| Action item |
Look below for the line that has "by (simp add: has_real_derivative_iff_has_vector_derivative)". Set down the lines from there through the line that has "using DERIV_cdivide[OF DERIV_mult'[OF", exactly as written.

| Task material |

•••

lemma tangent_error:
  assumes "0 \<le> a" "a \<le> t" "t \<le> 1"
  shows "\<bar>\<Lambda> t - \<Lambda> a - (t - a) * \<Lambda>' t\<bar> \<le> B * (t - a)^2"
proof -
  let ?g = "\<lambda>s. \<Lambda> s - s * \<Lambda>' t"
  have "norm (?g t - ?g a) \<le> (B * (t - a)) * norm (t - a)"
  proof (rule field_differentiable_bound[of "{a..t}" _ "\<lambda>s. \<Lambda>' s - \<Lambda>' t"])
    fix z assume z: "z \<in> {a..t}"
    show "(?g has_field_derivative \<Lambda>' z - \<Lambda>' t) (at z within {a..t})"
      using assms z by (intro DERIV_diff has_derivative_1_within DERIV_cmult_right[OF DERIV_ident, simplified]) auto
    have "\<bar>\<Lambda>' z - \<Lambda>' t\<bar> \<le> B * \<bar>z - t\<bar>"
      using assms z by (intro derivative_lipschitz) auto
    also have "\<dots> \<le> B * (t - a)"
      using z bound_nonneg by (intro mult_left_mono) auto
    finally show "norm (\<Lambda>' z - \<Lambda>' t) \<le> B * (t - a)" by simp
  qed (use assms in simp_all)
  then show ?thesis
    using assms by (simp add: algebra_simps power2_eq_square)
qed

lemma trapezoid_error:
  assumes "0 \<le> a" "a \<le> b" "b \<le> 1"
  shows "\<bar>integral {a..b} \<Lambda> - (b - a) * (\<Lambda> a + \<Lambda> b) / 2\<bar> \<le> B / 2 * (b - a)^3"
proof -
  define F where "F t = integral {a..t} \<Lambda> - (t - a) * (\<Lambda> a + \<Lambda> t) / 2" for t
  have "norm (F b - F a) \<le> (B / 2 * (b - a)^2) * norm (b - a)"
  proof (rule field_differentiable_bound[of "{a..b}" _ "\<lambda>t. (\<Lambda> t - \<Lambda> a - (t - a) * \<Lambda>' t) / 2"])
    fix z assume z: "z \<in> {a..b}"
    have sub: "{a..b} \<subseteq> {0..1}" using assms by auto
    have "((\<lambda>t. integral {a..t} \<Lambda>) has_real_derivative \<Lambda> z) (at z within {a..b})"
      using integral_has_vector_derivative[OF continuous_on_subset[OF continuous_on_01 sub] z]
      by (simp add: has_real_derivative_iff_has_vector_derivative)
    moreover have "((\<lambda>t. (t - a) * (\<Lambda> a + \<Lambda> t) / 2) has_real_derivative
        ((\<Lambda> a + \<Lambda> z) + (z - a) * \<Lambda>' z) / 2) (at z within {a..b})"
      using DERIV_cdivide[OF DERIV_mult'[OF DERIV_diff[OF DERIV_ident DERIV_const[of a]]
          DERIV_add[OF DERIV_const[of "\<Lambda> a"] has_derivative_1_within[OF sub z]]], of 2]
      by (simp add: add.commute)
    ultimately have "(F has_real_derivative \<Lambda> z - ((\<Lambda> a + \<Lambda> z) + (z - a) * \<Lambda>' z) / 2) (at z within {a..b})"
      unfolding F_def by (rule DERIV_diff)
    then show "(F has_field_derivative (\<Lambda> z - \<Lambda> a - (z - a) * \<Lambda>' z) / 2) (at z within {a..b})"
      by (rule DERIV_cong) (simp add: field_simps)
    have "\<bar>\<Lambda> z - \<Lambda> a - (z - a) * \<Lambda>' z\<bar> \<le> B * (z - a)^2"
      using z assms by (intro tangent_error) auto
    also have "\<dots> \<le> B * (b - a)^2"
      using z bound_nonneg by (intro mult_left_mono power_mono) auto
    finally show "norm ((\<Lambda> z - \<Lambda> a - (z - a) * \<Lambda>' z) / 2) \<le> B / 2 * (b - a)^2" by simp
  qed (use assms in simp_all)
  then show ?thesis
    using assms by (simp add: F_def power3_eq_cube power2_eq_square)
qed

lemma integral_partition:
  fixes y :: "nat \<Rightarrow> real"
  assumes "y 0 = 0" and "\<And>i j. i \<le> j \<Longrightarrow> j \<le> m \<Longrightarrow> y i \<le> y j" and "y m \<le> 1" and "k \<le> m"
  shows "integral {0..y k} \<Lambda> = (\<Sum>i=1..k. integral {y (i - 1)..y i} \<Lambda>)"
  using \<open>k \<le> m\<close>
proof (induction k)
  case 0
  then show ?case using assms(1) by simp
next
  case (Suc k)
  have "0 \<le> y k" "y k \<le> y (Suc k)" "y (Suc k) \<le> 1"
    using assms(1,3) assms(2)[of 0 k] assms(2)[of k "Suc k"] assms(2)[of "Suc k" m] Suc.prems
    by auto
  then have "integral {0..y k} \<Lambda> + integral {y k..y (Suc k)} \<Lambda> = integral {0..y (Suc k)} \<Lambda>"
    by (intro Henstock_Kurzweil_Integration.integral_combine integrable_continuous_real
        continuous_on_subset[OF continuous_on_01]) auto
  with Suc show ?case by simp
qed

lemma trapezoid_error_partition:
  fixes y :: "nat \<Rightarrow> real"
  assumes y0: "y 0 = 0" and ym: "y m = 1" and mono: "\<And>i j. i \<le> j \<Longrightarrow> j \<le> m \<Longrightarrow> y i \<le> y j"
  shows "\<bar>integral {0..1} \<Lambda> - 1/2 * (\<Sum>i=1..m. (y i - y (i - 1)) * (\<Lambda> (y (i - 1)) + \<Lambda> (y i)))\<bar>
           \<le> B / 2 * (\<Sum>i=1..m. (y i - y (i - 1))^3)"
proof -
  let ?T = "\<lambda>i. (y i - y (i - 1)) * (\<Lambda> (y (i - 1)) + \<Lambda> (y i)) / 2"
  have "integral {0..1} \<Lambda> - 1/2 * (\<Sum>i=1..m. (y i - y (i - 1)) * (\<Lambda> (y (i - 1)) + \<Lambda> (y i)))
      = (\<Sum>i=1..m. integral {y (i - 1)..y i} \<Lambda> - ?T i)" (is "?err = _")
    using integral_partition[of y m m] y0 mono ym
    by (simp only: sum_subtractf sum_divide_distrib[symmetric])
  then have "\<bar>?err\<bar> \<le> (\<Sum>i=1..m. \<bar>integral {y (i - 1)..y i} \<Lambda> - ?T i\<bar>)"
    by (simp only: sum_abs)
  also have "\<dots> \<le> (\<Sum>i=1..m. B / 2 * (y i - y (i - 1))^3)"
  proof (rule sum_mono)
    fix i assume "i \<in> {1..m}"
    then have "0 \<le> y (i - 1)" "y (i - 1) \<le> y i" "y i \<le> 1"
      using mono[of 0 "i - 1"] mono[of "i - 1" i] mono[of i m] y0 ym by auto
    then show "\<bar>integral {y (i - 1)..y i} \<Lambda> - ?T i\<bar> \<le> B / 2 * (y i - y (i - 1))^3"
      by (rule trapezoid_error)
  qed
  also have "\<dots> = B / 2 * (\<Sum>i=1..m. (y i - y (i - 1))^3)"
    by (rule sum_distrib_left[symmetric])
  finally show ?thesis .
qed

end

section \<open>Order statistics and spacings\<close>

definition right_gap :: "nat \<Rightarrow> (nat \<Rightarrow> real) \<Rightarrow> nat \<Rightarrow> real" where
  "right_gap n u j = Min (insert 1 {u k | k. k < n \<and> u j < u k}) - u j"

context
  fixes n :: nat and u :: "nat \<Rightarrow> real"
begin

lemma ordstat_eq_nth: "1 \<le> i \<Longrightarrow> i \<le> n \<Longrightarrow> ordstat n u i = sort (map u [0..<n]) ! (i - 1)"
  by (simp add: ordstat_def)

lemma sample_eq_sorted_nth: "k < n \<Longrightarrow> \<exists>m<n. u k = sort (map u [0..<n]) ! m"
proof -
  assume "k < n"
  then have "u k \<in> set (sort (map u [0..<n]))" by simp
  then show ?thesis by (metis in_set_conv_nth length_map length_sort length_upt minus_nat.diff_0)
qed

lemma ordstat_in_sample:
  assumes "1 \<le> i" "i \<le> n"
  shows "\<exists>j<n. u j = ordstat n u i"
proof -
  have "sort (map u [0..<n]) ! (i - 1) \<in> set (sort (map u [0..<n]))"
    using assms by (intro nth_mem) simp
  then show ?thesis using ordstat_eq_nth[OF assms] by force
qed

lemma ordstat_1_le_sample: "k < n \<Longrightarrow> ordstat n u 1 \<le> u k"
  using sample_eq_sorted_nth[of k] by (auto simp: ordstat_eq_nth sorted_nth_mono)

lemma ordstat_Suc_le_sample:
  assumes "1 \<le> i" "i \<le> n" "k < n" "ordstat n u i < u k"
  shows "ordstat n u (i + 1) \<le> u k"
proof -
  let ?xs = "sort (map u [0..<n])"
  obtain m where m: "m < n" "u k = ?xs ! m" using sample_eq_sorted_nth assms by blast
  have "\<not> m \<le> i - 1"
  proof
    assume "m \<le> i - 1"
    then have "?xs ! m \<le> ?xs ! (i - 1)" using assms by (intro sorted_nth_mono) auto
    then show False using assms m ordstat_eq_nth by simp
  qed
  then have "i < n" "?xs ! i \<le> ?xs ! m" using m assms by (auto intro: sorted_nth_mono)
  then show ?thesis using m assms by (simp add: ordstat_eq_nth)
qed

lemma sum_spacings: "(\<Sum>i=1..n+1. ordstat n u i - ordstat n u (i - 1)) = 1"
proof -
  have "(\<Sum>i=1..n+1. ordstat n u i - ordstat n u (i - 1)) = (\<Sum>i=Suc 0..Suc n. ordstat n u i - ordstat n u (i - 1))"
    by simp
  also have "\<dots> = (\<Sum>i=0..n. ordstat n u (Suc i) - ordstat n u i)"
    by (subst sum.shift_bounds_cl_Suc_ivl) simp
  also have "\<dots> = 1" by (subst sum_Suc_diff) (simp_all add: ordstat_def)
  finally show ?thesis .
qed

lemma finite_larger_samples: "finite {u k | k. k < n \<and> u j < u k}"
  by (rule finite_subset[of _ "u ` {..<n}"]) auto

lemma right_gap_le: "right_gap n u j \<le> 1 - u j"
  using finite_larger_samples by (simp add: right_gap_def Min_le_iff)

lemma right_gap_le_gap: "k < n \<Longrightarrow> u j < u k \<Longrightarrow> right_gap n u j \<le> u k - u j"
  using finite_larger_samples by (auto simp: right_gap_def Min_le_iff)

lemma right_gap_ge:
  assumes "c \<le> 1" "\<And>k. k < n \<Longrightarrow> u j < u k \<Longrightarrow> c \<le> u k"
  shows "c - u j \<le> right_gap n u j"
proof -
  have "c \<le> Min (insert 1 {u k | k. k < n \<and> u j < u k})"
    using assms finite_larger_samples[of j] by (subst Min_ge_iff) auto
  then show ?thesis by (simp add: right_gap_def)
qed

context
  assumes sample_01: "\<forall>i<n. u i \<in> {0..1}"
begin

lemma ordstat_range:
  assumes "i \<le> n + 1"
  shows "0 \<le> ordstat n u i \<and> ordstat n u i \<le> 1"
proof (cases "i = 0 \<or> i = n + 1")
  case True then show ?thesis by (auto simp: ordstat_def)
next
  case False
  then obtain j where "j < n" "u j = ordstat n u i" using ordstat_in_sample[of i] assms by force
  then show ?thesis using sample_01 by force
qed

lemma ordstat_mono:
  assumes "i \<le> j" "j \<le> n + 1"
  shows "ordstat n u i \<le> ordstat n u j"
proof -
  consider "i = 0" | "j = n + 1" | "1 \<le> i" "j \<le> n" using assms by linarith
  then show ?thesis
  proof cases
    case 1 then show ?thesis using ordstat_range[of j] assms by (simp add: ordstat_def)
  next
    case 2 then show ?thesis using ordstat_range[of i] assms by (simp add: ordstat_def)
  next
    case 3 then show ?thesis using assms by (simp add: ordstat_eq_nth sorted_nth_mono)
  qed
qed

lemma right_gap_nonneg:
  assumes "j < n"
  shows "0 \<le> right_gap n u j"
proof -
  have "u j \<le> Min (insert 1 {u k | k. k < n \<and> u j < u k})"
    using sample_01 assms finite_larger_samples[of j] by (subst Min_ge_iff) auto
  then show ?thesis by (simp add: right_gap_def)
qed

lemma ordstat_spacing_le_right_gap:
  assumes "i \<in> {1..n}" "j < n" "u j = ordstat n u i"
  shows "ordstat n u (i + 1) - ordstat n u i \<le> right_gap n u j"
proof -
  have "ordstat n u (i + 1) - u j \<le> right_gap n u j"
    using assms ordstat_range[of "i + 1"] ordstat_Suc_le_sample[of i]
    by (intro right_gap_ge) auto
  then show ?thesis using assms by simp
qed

•••

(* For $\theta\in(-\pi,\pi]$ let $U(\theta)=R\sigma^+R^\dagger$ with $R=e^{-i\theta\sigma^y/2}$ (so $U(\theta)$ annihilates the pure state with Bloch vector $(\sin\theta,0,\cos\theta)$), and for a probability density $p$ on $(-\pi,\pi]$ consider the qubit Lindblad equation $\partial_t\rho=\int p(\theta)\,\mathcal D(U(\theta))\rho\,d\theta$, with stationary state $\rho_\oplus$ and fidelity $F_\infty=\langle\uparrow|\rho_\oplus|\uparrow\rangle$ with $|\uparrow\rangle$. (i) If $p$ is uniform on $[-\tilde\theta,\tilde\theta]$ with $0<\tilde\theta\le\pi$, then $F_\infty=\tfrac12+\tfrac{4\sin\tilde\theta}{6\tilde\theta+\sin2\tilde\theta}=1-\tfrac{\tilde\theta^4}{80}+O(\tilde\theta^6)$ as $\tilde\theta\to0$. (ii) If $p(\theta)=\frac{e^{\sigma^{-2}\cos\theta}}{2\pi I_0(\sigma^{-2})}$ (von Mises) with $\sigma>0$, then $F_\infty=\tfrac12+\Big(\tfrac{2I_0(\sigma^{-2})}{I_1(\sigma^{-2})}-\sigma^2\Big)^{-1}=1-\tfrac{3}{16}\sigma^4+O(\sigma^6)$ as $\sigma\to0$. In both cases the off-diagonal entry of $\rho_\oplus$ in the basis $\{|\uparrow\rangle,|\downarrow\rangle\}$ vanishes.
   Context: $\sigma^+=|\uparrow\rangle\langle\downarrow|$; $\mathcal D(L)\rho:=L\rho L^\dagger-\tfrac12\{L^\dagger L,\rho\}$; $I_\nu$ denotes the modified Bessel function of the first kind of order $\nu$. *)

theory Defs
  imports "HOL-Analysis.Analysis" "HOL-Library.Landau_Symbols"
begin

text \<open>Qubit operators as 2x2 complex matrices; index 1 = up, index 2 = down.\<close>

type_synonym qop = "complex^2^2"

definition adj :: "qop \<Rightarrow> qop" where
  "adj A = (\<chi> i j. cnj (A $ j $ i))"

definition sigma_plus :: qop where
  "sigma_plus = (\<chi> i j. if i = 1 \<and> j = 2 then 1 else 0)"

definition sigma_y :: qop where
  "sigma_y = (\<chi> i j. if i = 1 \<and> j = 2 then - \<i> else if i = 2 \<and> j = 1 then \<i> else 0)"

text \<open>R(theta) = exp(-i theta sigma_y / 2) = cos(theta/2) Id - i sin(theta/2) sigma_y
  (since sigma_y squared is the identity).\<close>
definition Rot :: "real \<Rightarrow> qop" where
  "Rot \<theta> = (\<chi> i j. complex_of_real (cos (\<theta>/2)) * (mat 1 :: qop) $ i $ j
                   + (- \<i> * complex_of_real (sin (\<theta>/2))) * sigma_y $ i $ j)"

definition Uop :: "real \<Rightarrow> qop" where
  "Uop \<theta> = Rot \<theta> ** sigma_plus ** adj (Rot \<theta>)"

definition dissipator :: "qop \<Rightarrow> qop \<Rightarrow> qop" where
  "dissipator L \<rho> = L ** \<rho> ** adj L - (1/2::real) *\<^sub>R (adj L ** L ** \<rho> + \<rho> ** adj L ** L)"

•••

| Output for this exercise |
      by (simp add: has_real_derivative_iff_has_vector_derivative)
    moreover have "((\<lambda>t. (t - a) * (\<Lambda> a + \<Lambda> t) / 2) has_real_derivative
        ((\<Lambda> a + \<Lambda> z) + (z - a) * \<Lambda>' z) / 2) (at z within {a..b})"
      using DERIV_cdivide[OF DERIV_mult'[OF DERIV_diff[OF DERIV_ident DERIV_const[of a]]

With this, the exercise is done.